lemma fls_compose_recip_phi_eq_iff:
  "fls_compose_fps F (recip_phi phi p) = fls_compose_fps G (recip_phi phi p) \<longleftrightarrow> F = G"
  by (metis fls_compose_fps_diff fls_compose_fps_eq_0_iff recip_phi_nonzero recip_phi_nth_0
      right_minus_eq)

definition dpsi_at_phi :: "(nat \<Rightarrow> 'w \<Rightarrow> real) \<Rightarrow> (nat \<Rightarrow> 'w \<Rightarrow> real) \<Rightarrow> 'w \<Rightarrow> real fls"
  where
  "dpsi_at_phi psi phi p = fls_compose_fps (dlambda (psi_ser psi p)) (recip_phi phi p)"

lemma dpsi_at_phi_eq:
  "dpsi_at_phi psi phi p = 1 - fps_to_fls (recip_phi phi p) ^ 2
     * fps_to_fls (fps_deriv (coeff_fps psi p) oo recip_phi phi p)"
proof -
  let ?G = "fps_to_fls (recip_phi phi p)" and ?F = "phi_ser phi p"
  have "dpsi_at_phi psi phi p
      = - (?G ^ 2 * (- (?F ^ 2) + fps_to_fls (fps_deriv (coeff_fps psi p) oo recip_phi phi p)))"
    by (simp add: dpsi_at_phi_def dlambda_def psi_ser_eq fls_compose_fps_mult fls_compose_fps_add
        fls_compose_fps_diff fls_compose_fps_power fls_deriv_fps_to_fls)
  also have "\<dots> = (?G * ?F) ^ 2 - ?G ^ 2 * fps_to_fls (fps_deriv (coeff_fps psi p) oo recip_phi phi p)"
    by (simp add: algebra_simps power2_eq_square)
  finally show ?thesis
    by (simp add: fps_to_fls_recip_phi)
qed

lemma dpsi_at_phi_nonzero: "dpsi_at_phi psi phi p \<noteq> 0"
proof -
  have "fls_nth (fls_deriv (psi_ser psi p)) (-2) \<noteq> 0"
    by (simp add: psi_ser_eq)
  then have "dlambda (psi_ser psi p) \<noteq> 0"
    unfolding dlambda_def by (metis fls_zero_nth mult_eq_0_iff neg_equal_0_iff_equal power_not_zero
        fls_X_nonzero)
  then show ?thesis
    by (simp add: dpsi_at_phi_def fls_compose_fps_eq_0_iff)
qed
= = =
**Your assignment**
Nothing but the lines from the one containing "by (simp add: dpsi_at_phi_def fls_compose_fps_eq_0_iff)" to the end of the records above should appear, each copied exactly.

**Exercise response**
    by (simp add: dpsi_at_phi_def fls_compose_fps_eq_0_iff)
qed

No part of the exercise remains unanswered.